# About this exercise
Given the material below, output exactly the lines from the line with "using circulant_offsets_bounds[of k n" to the line with "using uminus_mod_in_circulant_offsets[OF k", both ends included, and no other lines.

# Data in this exercise
definition replace_col :: "real^'n^'n \<Rightarrow> 'n \<Rightarrow> real^'n \<Rightarrow> real^'n^'n" where
  "replace_col D k d = (\<chi> i j. if j = k then d $ i else D $ i $ j)"

definition nash_equilibrium ::
  "real^'n^'n \<Rightarrow> real^'n^'n \<Rightarrow> real^'n^'n \<Rightarrow> 'n set \<Rightarrow> real^'n^'n \<Rightarrow> bool" where
  "nash_equilibrium Sig Gam M S D \<longleftrightarrow>
     (\<forall>j. j \<notin> S \<longrightarrow> D *v axis j 1 = 0) \<and>
     (\<forall>k\<in>S. \<forall>d. payoff Sig Gam M k (replace_col D k d) \<le> payoff Sig Gam M k D)"

end

theory Submission
  imports Defs
begin

text \<open>
  For \<open>\<Sigma> = [[1,\<rho>],[\<rho>,1]]\<close> and \<open>\<Gamma> = I\<close> the stable point for reports \<open>X\<close> is explicit:
  \<open>W\<close> has off-diagonal entry \<open>b = (X\<^sub>1\<^sub>2 + X\<^sub>2\<^sub>1 - \<rho>(X\<^sub>1\<^sub>1 + X\<^sub>2\<^sub>2)) / (4(1 - \<rho>\<^sup>2))\<close> and
  diagonal entries \<open>X\<^sub>i\<^sub>i/2 - \<rho> b\<close>. Written in terms of its own reported column \<open>x\<close>, an
  agent's true utility separates as \<open>C - (x\<^sub>1 - m\<^sub>1)\<^sup>2/4 - 3(1 - \<rho>\<^sup>2)(b - b\<^sub>0)\<^sup>2\<close>
  (own coordinate first, \<open>m\<close> the true column, \<open>C\<close> and \<open>b\<^sub>0\<close> independent of \<open>x\<close>),
  so the unique best response reports the own entry truthfully and shifts the other one by
  \<open>(\<rho>(m\<^sub>1 + y\<^sub>2) - m\<^sub>2 - y\<^sub>1)/3\<close>, where \<open>y\<close> is the other agent's reported column.
  With one strategic agent this shift is \<open>\<kappa>/3\<close>; with two, the two coupled best-response
  equations have the unique solution \<open>\<kappa>/4\<close>.
\<close>

definition corr_matrix :: "real \<Rightarrow> real^2^2" where
  "corr_matrix r = (\<chi> i j. if i = j then 1 else r)"

definition stable_offdiag :: "real \<Rightarrow> real^2^2 \<Rightarrow> real" where
  "stable_offdiag r X = (X$1$2 + X$2$1 - r * (X$1$1 + X$2$2)) / (4 * (1 - r\<^sup>2))"

definition stable_skew :: "real \<Rightarrow> real^2^2 \<Rightarrow> real" where
  "stable_skew r X = (X$1$2 - X$2$1 + r * (X$1$1 - X$2$2)) / 2"

definition stable_W :: "real \<Rightarrow> real^2^2 \<Rightarrow> real^2^2" where
  "stable_W r X = (\<chi> i j. if i = j then X$i$i / 2 - r * stable_offdiag r X else stable_offdiag r X)"

definition stable_P :: "real \<Rightarrow> real^2^2 \<Rightarrow> real^2^2" where
  "stable_P r X = (\<chi> i j. if i = j then 0 else if i = 1 then stable_skew r X else - stable_skew r X)"
lemma phi_wl_norm_regular_on:
  assumes E: "graph_on n E" and d: "regular_on n E d" and n: "0 < n"
  shows "phi_wl_norm n T (iso_class n E) = regular_profile T (1 / sqrt (real T + 1)) d"
proof -
  have "(\<Sum>i\<in>wl_index n T. (regular_profile T (real n) d i)\<^sup>2) = (real T + 1) * (real n)\<^sup>2"
    using regular_colour_in_wl_index[OF E d n] by (intro sum_sq_regular_profile finite_wl_index)
  then have "enorm (wl_index n T) (phi_wl n T (iso_class n E)) = sqrt (real T + 1) * real n"
    unfolding enorm_def phi_wl_regular_on[OF E d n] by (simp add: real_sqrt_mult)
  then show ?thesis
    unfolding phi_wl_norm_def phi_wl_regular_on[OF E d n] using n
    by (auto simp: regular_profile_def)
qed

lemma regular_profile_at:
  assumes "0 < t" and "t \<le> T"
  shows "regular_profile T \<alpha> d' (t, regular_colour t d) = (if d' = d then \<alpha> else 0)"
  using assms regular_colour_inj[OF assms(1), of d d'] unfolding regular_profile_def by auto

lemma regular_profile_inj:
  assumes "0 < T" and "\<alpha> \<noteq> 0" and "regular_profile T \<alpha> d = regular_profile T \<alpha> d'"
  shows "d = d'"
proof -
  have "\<alpha> = regular_profile T \<alpha> d (1, regular_colour 1 d)"
    using regular_profile_at[of 1 T] assms(1) by simp
  also have "\<dots> = (if d' = d then \<alpha> else 0)"
    using regular_profile_at[of 1 T] assms(1,3) by simp
  finally show ?thesis
    using assms(2) by (simp split: if_splits)
qed

definition circulant_offsets :: "nat \<Rightarrow> nat \<Rightarrow> int set" where
  "circulant_offsets n k = {1..int k} \<union> {int n - int k..int n - 1}"

text \<open>Vertices \<open>u\<close> and \<open>w\<close> of \<open>circulant n k\<close> are adjacent iff their cyclic distance lies in \<open>1..k\<close>.\<close>

definition circulant :: "nat \<Rightarrow> nat \<Rightarrow> nat set set" where
  "circulant n k = {{u, w} | u w. u < n \<and> w < n \<and> (int w - int u) mod int n \<in> circulant_offsets n k}"

lemma circulant_offsets_bounds:
  "2 * k < n \<Longrightarrow> j \<in> circulant_offsets n k \<Longrightarrow> 1 \<le> j \<and> j \<le> int n - 1"
  unfolding circulant_offsets_def by auto

lemma card_circulant_offsets: "2 * k < n \<Longrightarrow> card (circulant_offsets n k) = 2 * k"
  unfolding circulant_offsets_def by (subst card_Un_disjoint) auto

lemma uminus_mod_in_circulant_offsets:
  assumes k: "2 * k < n" and x: "x mod int n \<in> circulant_offsets n k"
  shows "(- x) mod int n \<in> circulant_offsets n k"
proof -
  have "1 \<le> x mod int n" "x mod int n \<le> int n - 1"
    using circulant_offsets_bounds[OF k x] by auto
  then have "(- x) mod int n = int n - x mod int n"
    by (simp add: zmod_zminus1_eq_if)
  with x show ?thesis
    using \<open>1 \<le> x mod int n\<close> unfolding circulant_offsets_def by auto
qed

lemma graph_on_circulant: "2 * k < n \<Longrightarrow> graph_on n (circulant n k)"
  unfolding graph_on_def circulant_def
  using circulant_offsets_bounds[of k n 0] by fastforce

lemma nbrs_circulant:
  assumes k: "2 * k < n" and v: "v < n"
  shows "nbrs (circulant n k) v = {u. u < n \<and> (int u - int v) mod int n \<in> circulant_offsets n k}"
proof -
  have "(int u - int v) mod int n \<in> circulant_offsets n k" if "(int v - int u) mod int n \<in> circulant_offsets n k" for u
    using uminus_mod_in_circulant_offsets[OF k that] by simp
  then show ?thesis
    using v unfolding nbrs_def circulant_def by (auto simp: doubleton_eq_iff insert_commute)
qed

lemma bij_betw_nbrs_circulant_offsets:
  assumes k: "2 * k < n" and v: "v < n"
  shows "bij_betw (\<lambda>u. (int u - int v) mod int n) (nbrs (circulant n k) v) (circulant_offsets n k)"
proof (rule bij_betw_imageI)
  have n: "0 < int n"
    using k by simp
  show "inj_on (\<lambda>u. (int u - int v) mod int n) (nbrs (circulant n k) v)"
  proof (rule inj_onI)
    fix u u' assume "u \<in> nbrs (circulant n k) v" "u' \<in> nbrs (circulant n k) v"
      and "(int u - int v) mod int n = (int u' - int v) mod int n"
    then have u: "u < n" "u' < n" and "int n dvd int u - int u'"
      unfolding nbrs_circulant[OF k v] by (auto simp: mod_eq_dvd_iff)
    then have "int u mod int n = int u' mod int n"
      by (simp only: mod_eq_dvd_iff)
    with u show "u = u'"
      by simp
  qed
  have "j \<in> (\<lambda>u. (int u - int v) mod int n) ` nbrs (circulant n k) v" if j: "j \<in> circulant_offsets n k" for j
  proof
    define u where "u = nat ((int v + j) mod int n)"
    have u: "int u = (int v + j) mod int n"
      unfolding u_def using n by simp
    moreover have "u < n"
      using u pos_mod_bound[OF n, of "int v + j"] by linarith
    ultimately show "u \<in> nbrs (circulant n k) v"
      using j circulant_offsets_bounds[OF k j] unfolding nbrs_circulant[OF k v]
      by (simp add: mod_diff_left_eq)
    show "j = (int u - int v) mod int n"
      using u circulant_offsets_bounds[OF k j] by (simp add: mod_diff_left_eq)
  qed
  then show "(\<lambda>u. (int u - int v) mod int n) ` nbrs (circulant n k) v = circulant_offsets n k"
    unfolding nbrs_circulant[OF k v] by auto
qed

lemma regular_on_circulant:
  assumes "2 * k < n"
  shows "regular_on n (circulant n k) (2 * k)"
  using bij_betw_same_card[OF bij_betw_nbrs_circulant_offsets[OF assms]] card_circulant_offsets[OF assms]
  unfolding regular_on_def by simp

lemma regular_profile_blocks:
  assumes T: "0 < T" and \<alpha>: "\<alpha> \<noteq> 0" and I: "\<And>d t. d \<in> D \<Longrightarrow> t \<le> T \<Longrightarrow> (t, regular_colour t d) \<in> I"
    and K: "K = (\<lambda>w. {i\<in>I. 0 < fst i \<and> w i \<noteq> 0})"
  shows "\<And>w. w \<in> regular_profile T \<alpha> ` D \<Longrightarrow> K w \<subseteq> I \<and> card (K w) = T"
    and "\<And>w w' i. w \<in> regular_profile T \<alpha> ` D \<Longrightarrow> w' \<in> regular_profile T \<alpha> ` D \<Longrightarrow> i \<in> K w \<Longrightarrow>
           w' i = (if w' = w then \<alpha> else 0)"
proof -
  have support: "K (regular_profile T \<alpha> d) = (\<lambda>t. (t, regular_colour t d)) ` {1..T}" if "d \<in> D" for d
    using I[OF that] \<alpha> unfolding K regular_profile_def by (auto split: if_splits)
  show "K w \<subseteq> I \<and> card (K w) = T" if "w \<in> regular_profile T \<alpha> ` D" for w
    using that support unfolding K by (auto simp: card_image inj_on_def)
  show "w' i = (if w' = w then \<alpha> else 0)"
    if w: "w \<in> regular_profile T \<alpha> ` D" "w' \<in> regular_profile T \<alpha> ` D" "i \<in> K w" for w w' i
  proof -
    obtain d d' where d: "d \<in> D" "w = regular_profile T \<alpha> d" and d': "w' = regular_profile T \<alpha> d'"
      using w(1,2) by blast
    then obtain t where "0 < t" "t \<le> T" "i = (t, regular_colour t d)"
      using w(3) support by auto
    moreover have "w' = w \<longleftrightarrow> d' = d"
      using regular_profile_inj[OF T \<alpha>] d d' by blast
    ultimately show ?thesis
      using regular_profile_at d d' by simp
  qed
qed

lemma edist_zero_regular_profile:
  assumes "finite I" and "\<And>t. t \<le> T \<Longrightarrow> (t, regular_colour t d) \<in> I" and "0 \<le> \<alpha>"
  shows "edist I (\<lambda>_. 0) (regular_profile T \<alpha> d) = sqrt (real T + 1) * \<alpha>"
proof -
  have "(\<Sum>i\<in>I. (0 - regular_profile T \<alpha> d i)\<^sup>2) = (real T + 1) * \<alpha>\<^sup>2"
    using sum_sq_regular_profile[OF assms(1,2)] by simp
  then show ?thesis
    using assms(3) unfolding edist_def enorm_def by (simp add: real_sqrt_mult)
qed

lemma conv_hull_regular_profiles_dist:
  assumes T: "0 < T" and \<alpha>: "\<alpha> \<noteq> 0" and I: "finite I"
    and D: "finite D" "card D \<le> m" and in_I: "\<And>d t. d \<in> D \<Longrightarrow> t \<le> T \<Longrightarrow> (t, regular_colour t d) \<in> I"
    and S: "S0 \<subseteq> regular_profile T \<alpha> ` D" "S1 \<subseteq> regular_profile T \<alpha> ` D" "S0 \<inter> S1 = {}"
    and p: "p \<in> conv_hull S0" and p': "p' \<in> conv_hull S1"
  shows "2 * real T * \<alpha>\<^sup>2 \<le> real m * (edist I p p')\<^sup>2"
proof -
  define W where "W = regular_profile T \<alpha> ` D"
  \<comment> \<open>all profiles share the round-0 coordinate, so the disjoint blocks start at round 1\<close>
  define K where "K = (\<lambda>w :: nat \<times> wlcol \<Rightarrow> real. {i\<in>I. 0 < fst i \<and> w i \<noteq> 0})"
  have K_W: "\<And>w. w \<in> W \<Longrightarrow> K w \<subseteq> I \<and> card (K w) = T"
    unfolding W_def by (rule regular_profile_blocks(1)[OF T \<alpha> in_I K_def])
  have blocks: "\<And>w w' i. w \<in> W \<Longrightarrow> w' \<in> W \<Longrightarrow> i \<in> K w \<Longrightarrow> w' i = (if w' = w then \<alpha> else 0)"
    unfolding W_def by (rule regular_profile_blocks(2)[OF T \<alpha> in_I K_def])
  have W: "finite W" "card W \<le> m"
    using card_image_le[OF D(1), of "regular_profile T \<alpha>"] D unfolding W_def by simp_all
  show ?thesis
    unfolding edist_power2 by (rule conv_hull_block_dist[OF I W K_W blocks \<alpha> S[folded W_def] p p'])
qed

lemma separable_regular_profiles:
  fixes emb :: "'g \<Rightarrow> nat \<times> wlcol \<Rightarrow> real"
  assumes T: "0 < T" and \<alpha>: "0 < \<alpha>" and I: "finite I"
    and D: "finite D" "card D \<le> m" and in_I: "\<And>d t. d \<in> D \<Longrightarrow> t \<le> T \<Longrightarrow> (t, regular_colour t d) \<in> I"
    and emb: "emb ` set Gs \<subseteq> regular_profile T \<alpha> ` D" "inj_on emb (set Gs)"
    and R: "sqrt (real T + 1) * \<alpha> \<le> R"
    and margin: "4 * lam\<^sup>2 * real m \<le> 2 * real T * \<alpha>\<^sup>2"
  shows "separable I R lam (map (\<lambda>G. (emb G, \<tau> G)) Gs)"
  unfolding separable_map_iff
proof
  have "edist I (\<lambda>_. 0) (emb G) \<le> R" if G: "G \<in> set Gs" for G
  proof -
    obtain d where "d \<in> D" "emb G = regular_profile T \<alpha> d"
      using emb(1) G by blast
    then show ?thesis
      using edist_zero_regular_profile[OF I in_I[OF \<open>d \<in> D\<close>]] \<alpha> R by simp
  qed
  then show "\<exists>z. \<forall>G\<in>set Gs. edist I z (emb G) \<le> R"
    by blast
  have S: "emb ` {G\<in>set Gs. \<not> \<tau> G} \<subseteq> regular_profile T \<alpha> ` D" "emb ` {G\<in>set Gs. \<tau> G} \<subseteq> regular_profile T \<alpha> ` D"
    using emb(1) by auto
  moreover have "emb ` {G\<in>set Gs. \<not> \<tau> G} \<inter> emb ` {G\<in>set Gs. \<tau> G} = {}"
    using emb(2) by (auto dest: inj_onD)
  note S = S this
  show "\<forall>p\<in>conv_hull (emb ` {G\<in>set Gs. \<not> \<tau> G}). \<forall>p'\<in>conv_hull (emb ` {G\<in>set Gs. \<tau> G}).
      2 * lam \<le> edist I p p'"
  proof (intro ballI)
    fix p p' assume p: "p \<in> conv_hull (emb ` {G\<in>set Gs. \<not> \<tau> G})" and p': "p' \<in> conv_hull (emb ` {G\<in>set Gs. \<tau> G})"
    have bound: "2 * real T * \<alpha>\<^sup>2 \<le> real m * (edist I p p')\<^sup>2"
      using \<alpha> by (intro conv_hull_regular_profiles_dist[OF T _ I D in_I S p p']) simp
    moreover have "0 < 2 * real T * \<alpha>\<^sup>2"
      using T \<alpha> by simp
    ultimately have "0 < real m * (edist I p p')\<^sup>2"
      by linarith
    then have "0 < real m"
      by (simp add: zero_less_mult_iff)
    moreover have "real m * (2 * lam)\<^sup>2 \<le> real m * (edist I p p')\<^sup>2"
      using margin bound by (simp add: power_mult_distrib mult_ac)
    ultimately have "(2 * lam)\<^sup>2 \<le> (edist I p p')\<^sup>2"
      by simp
    then show "2 * lam \<le> edist I p p'"
      by (rule power2_le_imp_le) (rule edist_nonneg)
  qed
qed

lemma shatters_circulant_classes:
  fixes emb :: "nat set set set \<Rightarrow> nat \<times> wlcol \<Rightarrow> real"
  assumes T: "0 < T" and \<alpha>: "0 < \<alpha>" and m: "2 * m \<le> n + 1"
    and emb: "\<And>k. k < m \<Longrightarrow> emb (iso_class n (circulant n k)) = regular_profile T \<alpha> (2 * k)"
    and inj: "inj_on emb ((\<lambda>k. iso_class n (circulant n k)) ` {..<m})"
    and R: "sqrt (real T + 1) * \<alpha> \<le> R"
    and margin: "4 * lam\<^sup>2 * real m \<le> 2 * real T * \<alpha>\<^sup>2"
  shows "shatters (H_class n (wl_index n T) {emb} R lam) ((\<lambda>k. iso_class n (circulant n k)) ` {..<m})"
proof (rule shatters_H_classI)
  have k: "2 * k < n" if "k < m" for k
    using that m by linarith
  then have circulant: "graph_on n (circulant n k)" "regular_on n (circulant n k) (2 * k)" if "k < m" for k
    using graph_on_circulant regular_on_circulant that by auto
  then show "(\<lambda>k. iso_class n (circulant n k)) ` {..<m} \<subseteq> graphs n"
    unfolding graphs_def by auto
  fix \<tau> Gs assume Gs: "set Gs \<subseteq> (\<lambda>k. iso_class n (circulant n k)) ` {..<m}"
  define D where "D = (\<lambda>k. 2 * k) ` {..<m}"
  show "separable (wl_index n T) R lam (map (\<lambda>G. (emb G, \<tau> G)) Gs)"
  proof (rule separable_regular_profiles[OF T \<alpha> finite_wl_index _ _ _ _ _ R margin])
    show "finite D" "card D \<le> m"
      using card_image_le[of "{..<m}" "\<lambda>k. 2 * k"] by (simp_all add: D_def)
    show "(t, regular_colour t d) \<in> wl_index n T" if d: "d \<in> D" "t \<le> T" for d t
    proof -
      obtain k where "k < m" "d = 2 * k"
        using d(1) unfolding D_def by blast
      then show ?thesis
        using regular_colour_in_wl_index[OF circulant[OF \<open>k < m\<close>]] k[OF \<open>k < m\<close>] d(2) by simp
    qed
    show "emb ` set Gs \<subseteq> regular_profile T \<alpha> ` D"
      using Gs emb unfolding D_def by auto
    show "inj_on emb (set Gs)"
      using inj Gs inj_on_subset by blast
  qed
qed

# Your solution
  using circulant_offsets_bounds[of k n 0] by fastforce

lemma nbrs_circulant:
  assumes k: "2 * k < n" and v: "v < n"
  shows "nbrs (circulant n k) v = {u. u < n \<and> (int u - int v) mod int n \<in> circulant_offsets n k}"
proof -
  have "(int u - int v) mod int n \<in> circulant_offsets n k" if "(int v - int u) mod int n \<in> circulant_offsets n k" for u
    using uminus_mod_in_circulant_offsets[OF k that] by simp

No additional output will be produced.